Jadi Anda telah menemukan satu atau lebih ide bisnis kecil yang bisa mengubah dunia (atau setidaknya sekolah menengah).
Lalu apa selanjutnya? Jika berusia di bawah 18 tahun, sangat mungkin untuk mewujudkan ide tersebut dan memulai bisnis kecil sendiri. Namun, ada satu hal yang perlu diperhatikan: pengusaha muda biasanya memerlukan dukungan atau persetujuan orang tua untuk menyelesaikan banyak tahapan menuju peluncuran bisnis.
Kabar baiknya adalah bahwa dengan bantuan orang tua atau wali, anak-anak dan remaja dapat mengelola sebagian besar operasional harian dari bisnis yang berkembang. Menjadi pengusaha di usia muda dapat membuka peluang di masa depan, mengajarkan keterampilan di luar ruang kelas, dan menghasilkan uang tambahan untuk hiburan atau biaya kuliah.
Dengarkan dari beberapa pengusaha yang memulai di usia muda saat mereka berbagi saran tentang cara memulai bisnis sebagai anak-anak dan mengapa melakukannya sekarang sangat berharga.
Mengapa memulai bisnis sebagai pengusaha muda
- Membuat kesalahan lebih mudah saat Anda masih muda
- Anda tidak akan pernah memiliki waktu luang sebanyak ini lagi
- Anda memiliki akses ke banyak sumber daya dan dukungan gratis
- Keterampilan yang Anda pelajari sekarang akan membantu Anda nanti
Usaha bisnis dapat memberikan banyak manfaat bagi seorang pengusaha. Di usia muda, ini bisa menjadi kesempatan belajar yang menyenangkan dan dapat membentuk masa depan Anda. Berikut beberapa alasan mengapa memulai bisnis sebagai anak-anak dapat menguntungkan Anda sekarang dan di kemudian hari:
Membuat kesalahan lebih mudah saat Anda masih muda

Memulai bisnis di usia berapa pun melibatkan risiko. Ketika masih muda dan tinggal di bawah atap orang tua, konsekuensi dari kegagalan jauh lebih rendah. Membuat kesalahan sejak dini berarti Anda akan memiliki lebih banyak waktu ke depan untuk memperbaikinya.
"Saat memulai bisnis apa pun, ada banyak hal yang tidak diketahui, dan satu-satunya cara untuk mempercepat kurva pembelajaran adalah dengan mencoba banyak hal," kata Nick Mares, yang mendirikan perusahaan kaldu tulang Kettle & Fire bersama saudaranya Justin saat ia masih remaja. "Mencoba dan gagal bukanlah sesuatu yang harus dihindari. Gagal dengan cepat dan belajar lebih cepat".
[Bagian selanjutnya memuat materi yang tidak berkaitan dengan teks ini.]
lemma nn_integral_joint_resample_reward:
  assumes k: "k < n" and F: "F \<in> borel_measurable (joint D \<sigma> n)"
  shows "(\<integral>\<^sup>+\<omega>. F \<omega> \<partial>joint D \<sigma> n) = (\<integral>\<^sup>+a. \<integral>\<^sup>+(x, v). F (x(k := a), v) \<partial>joint D \<sigma> n \<partial>D)"
proof -
  note F[unfolded joint_def, measurable]
  have "(\<integral>\<^sup>+\<omega>. F \<omega> \<partial>joint D \<sigma> n) =
      (\<integral>\<^sup>+a. \<integral>\<^sup>+x. \<integral>\<^sup>+v. F (x(k := a), v) \<partial>(noises \<Otimes>\<^sub>M unit_uniform) \<partial>rewards \<partial>D)"
    unfolding nn_integral_joint_reward_outer[OF F]
    by (rule PD.nn_integral_PiM_resample) (use k D in \<open>auto simp: joint_def[symmetric]\<close>)
  also have "\<dots> = (\<integral>\<^sup>+a. \<integral>\<^sup>+(x, v). F (x(k := a), v) \<partial>joint D \<sigma> n \<partial>D)"
  proof (rule nn_integral_cong)
    fix a assume "a \<in> space D"
    then have [measurable]: "(\<lambda>x. x(k := a)) \<in> rewards \<rightarrow>\<^sub>M rewards"
      using k by (intro measurable_fun_upd_const) auto
    have "(\<lambda>(x, v). F (x(k := a), v)) \<in> borel_measurable (joint D \<sigma> n)"
      unfolding joint_def by measurable
    from nn_integral_joint_reward_outer[OF this]
    show "(\<integral>\<^sup>+x. \<integral>\<^sup>+v. F (x(k := a), v) \<partial>(noises \<Otimes>\<^sub>M unit_uniform) \<partial>rewards) =
        (\<integral>\<^sup>+(x, v). F (x(k := a), v) \<partial>joint D \<sigma> n)"
      by simp
  qed
  finally show ?thesis .
qed

lemma nn_integral_joint_resample_noise:
  assumes k: "k < n" and F: "F \<in> borel_measurable (joint D \<sigma> n)"
  shows "(\<integral>\<^sup>+\<omega>. F \<omega> \<partial>joint D \<sigma> n) = (\<integral>\<^sup>+t. \<integral>\<^sup>+(x, e, u). F (x, e(k := t), u) \<partial>joint D \<sigma> n \<partial>noise \<sigma>)"
proof -
  note F[unfolded joint_def, measurable]
  have "(\<integral>\<^sup>+\<omega>. F \<omega> \<partial>joint D \<sigma> n) =
      (\<integral>\<^sup>+t. \<integral>\<^sup>+e. \<integral>\<^sup>+u. \<integral>\<^sup>+x. F (x, e(k := t), u) \<partial>rewards \<partial>unit_uniform \<partial>noises \<partial>noise \<sigma>)"
    unfolding nn_integral_joint_noise_outer[OF F]
    by (rule PN.nn_integral_PiM_resample)
      (use k \<sigma> prob_space_noise in \<open>auto simp: joint_def[symmetric]\<close>)
  also have "\<dots> = (\<integral>\<^sup>+t. \<integral>\<^sup>+(x, e, u). F (x, e(k := t), u) \<partial>joint D \<sigma> n \<partial>noise \<sigma>)"
  proof (rule nn_integral_cong)
    fix t assume "t \<in> space (noise \<sigma>)"
    then have [measurable]: "(\<lambda>e. e(k := t)) \<in> noises \<rightarrow>\<^sub>M noises"
      using k by (intro measurable_fun_upd_const) auto
    have "(\<lambda>(x, e, u). F (x, e(k := t), u)) \<in> borel_measurable (joint D \<sigma> n)"
      unfolding joint_def by measurable
    from nn_integral_joint_noise_outer[OF this]
    show "(\<integral>\<^sup>+e. \<integral>\<^sup>+u. \<integral>\<^sup>+x. F (x, e(k := t), u) \<partial>rewards \<partial>unit_uniform \<partial>noises) =
        (\<integral>\<^sup>+(x, e, u). F (x, e(k := t), u) \<partial>joint D \<sigma> n)"
      by simp
  qed
  finally show ?thesis .
qed

end

section \<open>The two-point reward law\<close>

definition two_point :: "real \<Rightarrow> real \<Rightarrow> real measure" where
  "two_point p \<delta> = distr (measure_pmf (bernoulli_pmf p)) borel (\<lambda>b. if b then \<delta> else 0)"

lemma sets_two_point[measurable_cong]: "sets (two_point p \<delta>) = sets borel"
  by (simp add: two_point_def)

lemma prob_space_two_point: "prob_space (two_point p \<delta>)"
  unfolding two_point_def
  by (rule prob_space.prob_space_distr) (auto simp: measure_pmf.prob_space_axioms)

lemma AE_two_point: "AE a in two_point p \<delta>. a = 0 \<or> a = \<delta>"
  unfolding two_point_def by (subst AE_distr_iff) auto

lemma emeasure_two_point_singleton:
  assumes "0 \<le> p" "p \<le> 1" "\<delta> \<noteq> 0"
  shows "emeasure (two_point p \<delta>) {0} = 1 - p" "emeasure (two_point p \<delta>) {\<delta>} = p"
proof -
  have "(\<lambda>b. if b then \<delta> else 0) -` {0} = {False}" "(\<lambda>b. if b then \<delta> else 0) -` {\<delta>} = {True}"
    using assms by (auto split: if_splits)
  then show "emeasure (two_point p \<delta>) {0} = 1 - p" "emeasure (two_point p \<delta>) {\<delta>} = p"
    unfolding two_point_def using assms by (simp_all add: emeasure_distr emeasure_pmf_single)
qed

lemma nn_integral_two_point:
  assumes "0 \<le> p" "p \<le> 1" "\<delta> \<noteq> 0"
  shows "(\<integral>\<^sup>+a. g a \<partial>two_point p \<delta>) = ennreal (1 - p) * g 0 + ennreal p * g \<delta>"
proof -
  have "(\<integral>\<^sup>+a. g a \<partial>two_point p \<delta>) =
      (\<integral>\<^sup>+a. g 0 * indicator {0} a + g \<delta> * indicator {\<delta>} a \<partial>two_point p \<delta>)"
    using AE_two_point by (rule nn_integral_cong_AE[OF eventually_mono]) (auto simp: assms)
  also have "\<dots> = g 0 * emeasure (two_point p \<delta>) {0} + g \<delta> * emeasure (two_point p \<delta>) {\<delta>}"
    by (subst nn_integral_add) (auto simp: nn_integral_cmult_indicator)
  finally show ?thesis
    using emeasure_two_point_singleton[OF assms] by (simp add: mult.commute)
qed

lemma emeasure_two_point_unit_interval:
  "0 \<le> p \<Longrightarrow> p \<le> 1 \<Longrightarrow> 0 < \<delta> \<Longrightarrow> \<delta> \<le> 1 \<Longrightarrow> emeasure (two_point p \<delta>) {0..1} = 1"
  using nn_integral_two_point[where g = "indicator {0..1}" and p = p and \<delta> = \<delta>]
  by (simp add: ennreal_plus[symmetric] del: ennreal_plus)

lemma prophet_two_point:
  assumes p: "0 \<le> p" "p \<le> 1" and \<delta>: "0 < \<delta>" and n: "n \<ge> 1"
  shows "prophet (two_point p \<delta>) n = \<delta> * (1 - (1 - p) ^ n)"
proof -
  interpret PD: product_sigma_finite "\<lambda>_::nat. two_point p \<delta>"
    by (simp add: product_sigma_finite_def prob_space_imp_sigma_finite prob_space_two_point)
  interpret P: prob_space "PiM {..<n} (\<lambda>_. two_point p \<delta>)"
    by (intro prob_space_PiM prob_space_two_point)
  define Z where "Z x = (\<Prod>i<n. indicator {0} (x i) :: real)" for x :: "nat \<Rightarrow> real"
  have "AE x in PiM {..<n} (\<lambda>_. two_point p \<delta>). \<forall>i\<in>{..<n}. x i = 0 \<or> x i = \<delta>"
    by (intro eventually_ball_finite ballI AE_PiM_component prob_space_two_point AE_two_point) auto
  then have "AE x in PiM {..<n} (\<lambda>_. two_point p \<delta>). (MAX i\<in>{..<n}. x i) = \<delta> - \<delta> * Z x"
  proof eventually_elim
    case (elim x)
    show ?case
    proof (cases "\<exists>i<n. x i = \<delta>")
      case True
      then have "(MAX i\<in>{..<n}. x i) = \<delta>"
        using elim \<delta> by (intro Max_eqI) force+
      moreover obtain i where "i < n" "x i = \<delta>"
        using True by blast
      then have "Z x = 0"
        unfolding Z_def using \<delta> by (intro prod_zero bexI[of _ i]) auto
      ultimately show ?thesis by simp
    next
      case False
      then have "x ` {..<n} = {0}" "Z x = 1"
        using elim n by (force, simp add: Z_def)
      then show ?thesis by simp
    qed
  qed
  then have "prophet (two_point p \<delta>) n = (\<integral>x. \<delta> - \<delta> * Z x \<partial>PiM {..<n} (\<lambda>_. two_point p \<delta>))"
    unfolding prophet_def Z_def by (intro integral_cong_AE) auto
  also have "\<dots> = \<delta> - \<delta> * (\<integral>x. Z x \<partial>PiM {..<n} (\<lambda>_. two_point p \<delta>))"
  proof -
    have "0 \<le> Z x" "Z x \<le> 1" for x
      unfolding Z_def by (auto intro!: prod_nonneg prod_le_1)
    moreover have "Z \<in> borel_measurable (PiM {..<n} (\<lambda>_. two_point p \<delta>))"
      unfolding Z_def by measurable
    ultimately have "integrable (PiM {..<n} (\<lambda>_. two_point p \<delta>)) Z"
      by (intro P.integrable_const_bound[where B = 1]) auto
    then show ?thesis by (simp add: P.prob_space)
  qed
  also have "(\<integral>x. Z x \<partial>PiM {..<n} (\<lambda>_. two_point p \<delta>)) =
      (\<Prod>i<n. \<integral>a. indicator {0} a \<partial>two_point p \<delta>)"
    unfolding Z_def using p \<delta>
    by (intro PD.product_integral_prod integrable_real_indicator)
      (auto simp: emeasure_two_point_singleton)
  also have "(\<integral>a. indicator {0} a \<partial>two_point p \<delta>) = 1 - p"
    using p \<delta> by (simp add: measure_def emeasure_two_point_singleton)
  finally show ?thesis by (simp add: algebra_simps)
qed

section \<open>Shifting the Gaussian noise\<close>

lemma normal_density_shift_le:
  fixes \<sigma> \<delta> s :: real
  assumes "\<sigma> > 0" "\<delta> \<ge> 0"
  shows "normal_density \<delta> \<sigma> s \<le>
    normal_density 0 \<sigma> s + normal_density \<delta> \<sigma> s * ((\<bar>s - \<delta>\<bar> + \<delta>) * \<delta> / \<sigma>\<^sup>2)"
proof -
  define z where "z = (\<delta>\<^sup>2 - 2 * s * \<delta>) / (2 * \<sigma>\<^sup>2)"
  have "normal_density 0 \<sigma> s = normal_density \<delta> \<sigma> s * exp z"
    unfolding normal_density_def z_def mult.assoc exp_add[symmetric] using assms
    by (simp add: field_simps power2_eq_square)
  also have "\<dots> \<ge> normal_density \<delta> \<sigma> s * (1 + z)"
    by (intro mult_left_mono exp_ge_add_one_self) simp
  finally have "normal_density \<delta> \<sigma> s \<le> normal_density 0 \<sigma> s + normal_density \<delta> \<sigma> s * - z"
    by (simp add: algebra_simps)
  moreover have "- z \<le> (\<bar>s - \<delta>\<bar> + \<delta>) * \<delta> / \<sigma>\<^sup>2"
  proof -
    have "- z \<le> s * \<delta> / \<sigma>\<^sup>2"
      unfolding z_def using assms by (simp add: field_simps)
    also have "\<dots> \<le> (\<bar>s - \<delta>\<bar> + \<delta>) * \<delta> / \<sigma>\<^sup>2"
      using assms by (intro divide_right_mono mult_right_mono) auto
    finally show ?thesis .
  qed
  then have "normal_density \<delta> \<sigma> s * - z \<le> normal_density \<delta> \<sigma> s * ((\<bar>s - \<delta>\<bar> + \<delta>) * \<delta> / \<sigma>\<^sup>2)"
    by (intro mult_left_mono) simp_all
  ultimately show ?thesis
    by linarith
qed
Anda tidak akan pernah memiliki waktu luang sebanyak ini lagi
Di antara sekolah, olahraga, kegiatan, dan kehidupan sosial yang aktif, mungkin sudah terasa seperti waktu yang sangat terbatas. Namun begitu, Anda memasuki masa dewasa. Jadwal bisa menjadi lebih sibuk lagi. Dengan lebih sedikit tanggung jawab dan tagihan yang harus dibayar, sekarang adalah waktu yang tepat untuk mewujudkan ide besar itu.
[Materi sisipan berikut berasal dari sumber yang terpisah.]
lemma le_load_sorted_bins_of_card_gt:
  assumes k: "k < N" and card: "k < card {j. j < N \<and> c \<le> int (x j)}"
  shows "c \<le> int (x (sorted_bins N x ! k))"
proof (rule ccontr)
  let ?L = "sorted_bins N x" and ?A = "{j. j < N \<and> c \<le> int (x j)}"
  assume c: "\<not> c \<le> int (x (?L ! k))"
  have "?A \<subseteq> (!) ?L ` {..<k}"
  proof
    fix j assume j: "j \<in> ?A"
    then have "j \<in> set ?L" using sorted_bins_basic(3)[where N=N and x=x] by auto
    then obtain i where i: "i < N" "j = ?L ! i"
      using sorted_bins_basic(1)[where N=N and x=x] by (metis in_set_conv_nth)
    have "i < k"
    proof (rule ccontr)
      assume "\<not> i < k"
      then have "x (?L ! i) \<le> x (?L ! k)" using load_sorted_bins_antimono[of k i N x] i by auto
      then show False using c j i by auto
    qed
    then show "j \<in> (!) ?L ` {..<k}" using i by auto
  qed
  then have "card ?A \<le> card ((!) ?L ` {..<k})" by (intro card_mono) auto
  also have "\<dots> \<le> k" using card_image_le[of "{..<k}"] by simp
  finally show False using card by simp
qed

lemma le_load_sorted_bins_iff:
  "k < N \<Longrightarrow> c \<le> int (x (sorted_bins N x ! k)) \<longleftrightarrow> k < card {j. j < N \<and> c \<le> int (x j)}"
  using card_gt_of_le_load_sorted_bins le_load_sorted_bins_of_card_gt by blast

lemma layer_unit_profile: "layer (profile N (\<lambda>_. 1) x) c = int (card {j. j < N \<and> c \<le> int (x j)})"
proof -
  have "layer (profile N (\<lambda>_. 1) x) c = (\<Sum>j<N. if c \<le> int (x j) then 1 else 0)"
    unfolding layer_profile bin_layer_def by (intro sum.cong) auto
  also have "\<dots> = int (card {j. j < N \<and> c \<le> int (x j)})"
    by (simp add: sum.If_cases Int_def conj_commute)
  finally show ?thesis .
qed

lemma unit_profile_add_sorted_bin:
  assumes "k < N"
  shows "profile N (\<lambda>_. 1) (let b = sorted_bins N x ! k in x(b := Suc (x b)))
    = add_rank (profile N (\<lambda>_. 1) x) k"
  using profile_add_ball[OF sorted_bins_nth_less[OF assms], of "\<lambda>_. 1" x]
    le_load_sorted_bins_iff[OF assms, of _ x]
  unfolding add_rank_def layer_unit_profile Let_def by auto

lemma phi_0: "phi N eps 0 = 0"
  by (simp add: phi_def)

lemma phi_self: "N > 0 \<Longrightarrow> phi N eps N = 1"
  by (simp add: phi_def)

lemma phi_mono: "i \<le> j \<Longrightarrow> eps > 0 \<Longrightarrow> phi N eps i \<le> phi N eps j"
  unfolding phi_def by (intro powr_mono2) (auto intro: divide_right_mono)

definition rank_step :: "nat \<Rightarrow> real \<Rightarrow> ((int \<Rightarrow> int) \<Rightarrow> real) \<Rightarrow> (int \<Rightarrow> int) \<Rightarrow> real" where
  "rank_step N eps f P = measure_pmf.expectation (rank_pmf N eps) (\<lambda>k. f (add_rank P k))"

context
  fixes N :: nat and eps :: real
  assumes N: "N > 0" and eps: "eps > 0"
begin

lemma pmf_rank_pmf:
  "pmf (rank_pmf N eps) k = (if k < N then phi N eps (Suc k) - phi N eps k else 0)"
proof -
  let ?f = "\<lambda>k. if k < N then phi N eps (Suc k) - phi N eps k else 0"
  have nonneg: "0 \<le> ?f k" for k using phi_mono[OF _ eps] by auto
  have "(\<integral>\<^sup>+k. ennreal (?f k) \<partial>count_space UNIV) = (\<Sum>k<N. ennreal (?f k))"
    by (rule nn_integral_count_space') auto
  also have "\<dots> = ennreal (\<Sum>k<N. ?f k)"
    by (subst sum_ennreal) (auto intro: phi_mono[OF _ eps])
  also have "(\<Sum>k<N. ?f k) = (\<Sum>k<N. phi N eps (Suc k) - phi N eps k)"
    by simp
  also have "(\<Sum>k<N. phi N eps (Suc k) - phi N eps k) = 1"
    by (subst sum_lessThan_telescope) (simp add: phi_0 phi_self N)
  finally show ?thesis unfolding rank_pmf_def using nonneg by (subst pmf_embed_pmf) auto
qed

lemma set_pmf_rank_pmf: "set_pmf (rank_pmf N eps) \<subseteq> {..<N}"
  using pmf_rank_pmf by (auto simp: set_pmf_eq)

lemma prob_rank_pmf_lessThan: "K \<le> N \<Longrightarrow> measure_pmf.prob (rank_pmf N eps) {..<K} = phi N eps K"
  by (simp add: measure_measure_pmf_finite pmf_rank_pmf sum_lessThan_telescope phi_0)

lemma rank_step_eq_sum: "rank_step N eps f P = (\<Sum>k<N. f (add_rank P k) * pmf (rank_pmf N eps) k)"
  unfolding rank_step_def using set_pmf_rank_pmf by (intro integral_measure_pmf_real) auto

lemma mono_rank_step: "mono f \<Longrightarrow> mono (rank_step N eps f)"
  unfolding rank_step_eq_sum
  by (intro monoI sum_mono mult_right_mono) (auto dest: monoD intro: add_rank_mono)

lemma expectation_estep:
  "measure_pmf.expectation (estep N eps x) (\<lambda>y. f (profile N (\<lambda>_. 1) y))
    = rank_step N eps f (profile N (\<lambda>_. 1) x)"
proof -
  have "map_pmf (profile N (\<lambda>_. 1)) (estep N eps x)
      = map_pmf (add_rank (profile N (\<lambda>_. 1) x)) (rank_pmf N eps)"
    unfolding estep_def map_pmf_comp
    using set_pmf_rank_pmf unit_profile_add_sorted_bin by (intro map_pmf_cong) auto
  then show ?thesis
    unfolding rank_step_def by (metis integral_map_pmf)
qed

lemma finite_set_pmf_estep: "finite (set_pmf (estep N eps x))"
  unfolding estep_def set_map_pmf by (intro finite_imageI finite_subset[OF set_pmf_rank_pmf]) simp

lemma finite_set_pmf_eproc: "finite (set_pmf (eproc N eps t))"
  by (induction t) (simp_all add: finite_set_pmf_estep)

lemma sum_eproc: "x \<in> set_pmf (eproc N eps t) \<Longrightarrow> (\<Sum>j<N. x j) = t"
proof (induction t arbitrary: x)
  case (Suc t)
  then obtain y k where y: "y \<in> set_pmf (eproc N eps t)" "k \<in> set_pmf (rank_pmf N eps)"
    and x: "x = (let b = sorted_bins N y ! k in y(b := Suc (y b)))"
    by (auto simp: estep_def)
  have "k < N" using y(2) set_pmf_rank_pmf by auto
  then show ?case
    unfolding x Let_def using sum_add_ball[OF sorted_bins_nth_less] Suc.IH[OF y(1)] by simp
qed simp

end

lemma exists_rank_levels:
  assumes "\<And>i. i < n \<Longrightarrow> 0 < Nw i"
  shows "\<exists>\<mu>. \<forall>k\<in>{..<\<Sum>i<n. Nw i}.
    \<mu> k \<le> (\<Sum>i<n. w i) \<and> add_rank (profile n Nw w) k = add_level (profile n Nw w) (\<mu> k)"
proof -
  have "\<forall>k\<in>{..<\<Sum>i<n. Nw i}. \<exists>m.
      m \<le> (\<Sum>i<n. w i) \<and> add_rank (profile n Nw w) k = add_level (profile n Nw w) m"
    using exists_rank_level[where n=n and Nw=Nw and w=w, OF assms] by blast
  then show ?thesis by (rule bchoice)
qed

text \<open>The rank-k bin receives the ball at the largest height with layer at least k + 1, so a
  (1 + eps)-step also adds a ball at a random level, whose tails are values of phi.\<close>

lemma rank_step_as_level_expectation:
  assumes Npos: "\<And>i. i < n \<Longrightarrow> 0 < Nw i" and N: "0 < (\<Sum>i<n. Nw i)" and eps: "0 < eps"
  obtains q where "set_pmf q \<subseteq> {..\<Sum>i<n. w i}"
    and "\<And>m. measure_pmf.prob q {Suc m..}
           = phi (\<Sum>i<n. Nw i) eps (nat (layer (profile n Nw w) (int (Suc m))))"
    and "\<And>f. rank_step (\<Sum>i<n. Nw i) eps f (profile n Nw w)
           = measure_pmf.expectation q (\<lambda>m. f (add_level (profile n Nw w) m))"
proof -
  let ?N = "\<Sum>i<n. Nw i" and ?P = "profile n Nw w" and ?rank = "rank_pmf (\<Sum>i<n. Nw i) eps"
  have supp: "set_pmf ?rank \<subseteq> {..<?N}" using set_pmf_rank_pmf[OF N eps] .
  from exists_rank_levels[OF Npos] obtain \<mu>
    where \<mu>: "\<forall>k\<in>{..<?N}. \<mu> k \<le> (\<Sum>i<n. w i) \<and> add_rank ?P k = add_level ?P (\<mu> k)" ..
  have \<mu>_le: "\<mu> k \<le> (\<Sum>i<n. w i)" and \<mu>_eq: "add_rank ?P k = add_level ?P (\<mu> k)"
    if "k < ?N" for k
    using \<mu> that by simp_all
  show ?thesis
  proof
    show "set_pmf (map_pmf \<mu> ?rank) \<subseteq> {..\<Sum>i<n. w i}" using supp \<mu>_le by fastforce
  next
    fix m
    define K where "K = nat (layer ?P (int (Suc m)))"
    have "K \<le> ?N" unfolding K_def using layer_profile_bounds[of n Nw w] by (simp add: nat_le_iff)
    have "Suc m \<le> \<mu> k \<longleftrightarrow> k < K" if "k < ?N" for k
    proof -
      have "Suc m \<le> \<mu> k \<longleftrightarrow> int k + 1 \<le> layer ?P (int (Suc m))"
        using layer_iff_of_add_rank_eq[OF \<mu>_eq[OF that], of "int (Suc m)"] by (simp only: of_nat_le_iff)
      also have "\<dots> \<longleftrightarrow> k < K"
        unfolding K_def using layer_profile_bounds[of n Nw w "int (Suc m)"] by linarith
      finally show ?thesis .
    qed
    then have "{k. Suc m \<le> \<mu> k} \<inter> set_pmf ?rank = {..<K} \<inter> set_pmf ?rank"
      using supp by auto
    then have "measure_pmf.prob ?rank {k. Suc m \<le> \<mu> k} = measure_pmf.prob ?rank {..<K}"
      by (metis measure_Int_set_pmf)
    then show "measure_pmf.prob (map_pmf \<mu> ?rank) {Suc m..} = phi ?N eps K"
      using prob_rank_pmf_lessThan[OF N eps \<open>K \<le> ?N\<close>] by (simp add: vimage_def)
  next
    fix f :: "(int \<Rightarrow> int) \<Rightarrow> real"
    have "map_pmf (add_rank ?P) ?rank = map_pmf (add_level ?P) (map_pmf \<mu> ?rank)"
      unfolding map_pmf_comp using supp \<mu>_eq by (intro map_pmf_cong) auto
    then show "rank_step ?N eps f ?P = measure_pmf.expectation (map_pmf \<mu> ?rank) (\<lambda>m. f (add_level ?P m))"
      unfolding rank_step_def by (metis integral_map_pmf)
  qed
qed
"Saya berusia 16 tahun ketika saya memulai. Ketika saya di sekolah menengah, menyeimbangkan semuanya cukup mudah," kata LeiLei Secor, yang mengubah hobi perhiasannya menjadi bisnis kecil. "Ketika saya masuk kuliah, saya memperlakukannya seperti pekerjaan paruh waktu atau program kerja-belajar lainnya. Saya menyisihkan beberapa jam setiap minggu untuk memenuhi pesanan".
Anda memiliki akses ke banyak sumber daya dan dukungan gratis
Setelah sekolah menengah, pendidikan mungkin akan memerlukan biaya. Apakah memilih untuk kuliah atau mendaftar dalam program kewirausahaan, kemungkinan harus membayar untuk mempelajari keterampilan baru? Namun, sekolah menengah terkadang menawarkan kelas pilihan untuk pengusaha muda.
Selain itu, sebagai pengusaha anak-anak, Anda dapat memanfaatkan sumber daya sekolah ini:
- Laboratorium dan peralatan teknologi
- Komputer dan perangkat lunak
- Studio seni dan alat kelas bengkel
- Pengetahuan dan masukan dari guru, konselor bimbingan, dan sesama siswa
Keterampilan yang Anda pelajari sekarang akan membantu Anda nanti

Pemilik bisnis kecil belajar banyak pada tahun pertama bisnis mereka. Itu karena mereka biasanya mengenakan banyak topi, mulai dari mendorong penjualan hingga mengembangkan produk hingga mengelola layanan pelanggan. Hal yang sama berlaku untuk pengusaha muda.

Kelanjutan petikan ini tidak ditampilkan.